* [What to work on]: From the entries that follow, gather each line holding the word "powr".

* [Records shown]:
lemma one_sub_power_le:
  fixes a w :: real and n :: nat
  assumes "0 < a" "a \<le> 1/6" "0 \<le> w" "w \<le> 1" "2 \<le> n"
  defines "P \<equiv> ((1 - a * (1 - 3*w/4)) * (1 - a) ^ (n - 1))\<^sup>2"
  shows "1 - (1 - a) ^ (2 * n) \<le> (1 - P) * (1 + 3/2 * w * (1 - a) / (2 * real n - 1/2 - 9*w/8))"
proof -
  define g where "g = 1 - 3*w/4"
  define c where "c = 2*g - a*g\<^sup>2"
  define q where "q = (1 - a) ^ (2 * n - 2)"
  define K0 where "K0 = 2 * real n - 1/2 - 9*w/8"
  have g: "1/4 \<le> g" "g \<le> 1" using assms by (auto simp: g_def)
  have "(n - 1) * 2 = 2 * n - 2" "2 + (2 * n - 2) = 2 * n" using assms(5) by simp_all
  then have q: "((1 - a) ^ (n - 1))\<^sup>2 = q" "(1 - a) ^ (2 * n) = (1 - a)\<^sup>2 * q"
    unfolding q_def by (metis power_mult, metis power_add)
  have P_eq: "P = (1 - c * a) * q"
    unfolding P_def power_mult_distrib q(1)[symmetric]
    by (simp add: c_def g_def power2_eq_square algebra_simps)
  have "q * (2 * real n - 2) * a \<le> (1 - a) * (1 - q)"
    using one_sub_power_mult_le[of a "2 * n - 2"] assms
    by (simp add: q_def of_nat_diff field_simps)
  moreover have "3/2 - 9*w/8 \<le> c * (1 - a)"
  proof -
    have "(2 - a) * (1 - a) = 2 - 3*a + a*a" by (simp add: algebra_simps)
    then have "3/2 \<le> (2 - a) * (1 - a)" using assms(2) zero_le_square[of a] by linarith
    have "3/2 - 9*w/8 = g * (3/2)" by (simp add: g_def)
    also have "\<dots> \<le> g * ((2 - a) * (1 - a))"
      using g \<open>3/2 \<le> (2 - a) * (1 - a)\<close> by (intro mult_left_mono) auto
    also have "\<dots> = g * (2 - a) * (1 - a)" by (simp add: mult.assoc)
    also have "\<dots> \<le> c * (1 - a)"
      using g assms(1,2) mult_left_mono[of g 1 "a * g"]
      by (intro mult_right_mono) (simp_all add: c_def power2_eq_square algebra_simps)
    finally show ?thesis .
  qed
  moreover have "0 \<le> q * a" using assms by (simp add: q_def)
  ultimately have qa: "q * a * K0 \<le> (1 - a) * (1 - P)"
    unfolding K0_def P_eq using mult_left_mono[of "3/2 - 9*w/8" "c * (1 - a)" "q * a"]
    by (simp add: algebra_simps)
  have "2 - a - c = 2 * (1 - g) - a * (1 - g\<^sup>2)" by (simp add: c_def power2_eq_square algebra_simps)
  moreover have "0 \<le> a * (1 - g\<^sup>2)" using g assms(1) by (simp add: power_le_one)
  moreover have "P - (1 - a) ^ (2 * n) = q * a * (2 - a - c)"
    unfolding P_eq q(2) by (simp add: power2_eq_square algebra_simps)
  ultimately have "P - (1 - a) ^ (2 * n) \<le> 3/2 * w * (q * a)"
    using \<open>0 \<le> q * a\<close> mult_left_mono[of "2 - a - c" "3/2 * w" "q * a"]
    by (simp add: g_def algebra_simps)
  also have "\<dots> \<le> 3/2 * w * ((1 - a) * (1 - P) / K0)"
    using qa assms by (intro mult_left_mono) (simp_all add: K0_def pos_le_divide_eq)
  finally show ?thesis by (simp add: K0_def algebra_simps)
qed
(* Let $\alpha\in(0,1)$ and let $\pi$ satisfy Condition 1 (with some $p\le n$). Then there exists a constant $C_1$, depending only on $\alpha$, $u_*$, $u_0$ (and on the constants $R,b,b',C'$ of Condition 1), such that for all $x$ with $|x|\ge C_1+\sqrt{2K(1+u_0)\log(n/p)}$ one has $m_x\ge\alpha$.
   Context: $\pi$ is a probability density on $(0,\infty)$ and $$m_x=\frac{\int_0^\infty u(1+u)^{-3/2}e^{\frac{x^2}{2}\frac{u}{1+u}}\pi(u)\,du}{\int_0^\infty (1+u)^{-1/2}e^{\frac{x^2}{2}\frac{u}{1+u}}\pi(u)\,du}$$ (the posterior mean of $\kappa=\sigma^2/(1+\sigma^2)$ given $X=x$ when $X\mid\theta\sim\mathcal N(\theta,1)$, $\theta\mid\sigma^2\sim\mathcal N(0,\sigma^2)$, $\sigma^2\sim\pi$). $\tau_n(p)=p/n$. Uniformly regularly varying at infinity: there exist $R,u_0>0$ with $1/R\le L(au)/L(u)\le R$ for all $a\in[1,2]$, $u\ge u_0$. Condition 1: for some $b\ge0$, $\pi(u)=L_n(u)e^{-bu}$, $L_n$ uniformly regularly varying at infinity with constants $R,u_0$ not depending on $n$; constants $C',b'>0$, $K\ge0$, $u_*\ge1$ with $C'\pi(u)\ge\tau_n(p)^Ke^{-b'u}$ for all $u\ge u_*$. *)

theory Defs
  imports "HOL-Analysis.Analysis"
begin

text \<open>Posterior mean of kappa = sigma^2/(1+sigma^2) given X = x, for mixing density pi on (0,inf).\<close>
definition post_mean :: "(real \<Rightarrow> real) \<Rightarrow> real \<Rightarrow> real" where
  "post_mean \<pi> x =
     (LINT u:{0<..}|lborel. u * (1 + u) powr (-3/2) * exp (x\<^sup>2 / 2 * (u / (1 + u))) * \<pi> u)
   / (LINT u:{0<..}|lborel. (1 + u) powr (-1/2) * exp (x\<^sup>2 / 2 * (u / (1 + u))) * \<pi> u)"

* [Task response]:
     (LINT u:{0<..}|lborel. u * (1 + u) powr (-3/2) * exp (x\<^sup>2 / 2 * (u / (1 + u))) * \<pi> u)
   / (LINT u:{0<..}|lborel. (1 + u) powr (-1/2) * exp (x\<^sup>2 / 2 * (u / (1 + u))) * \<pi> u)"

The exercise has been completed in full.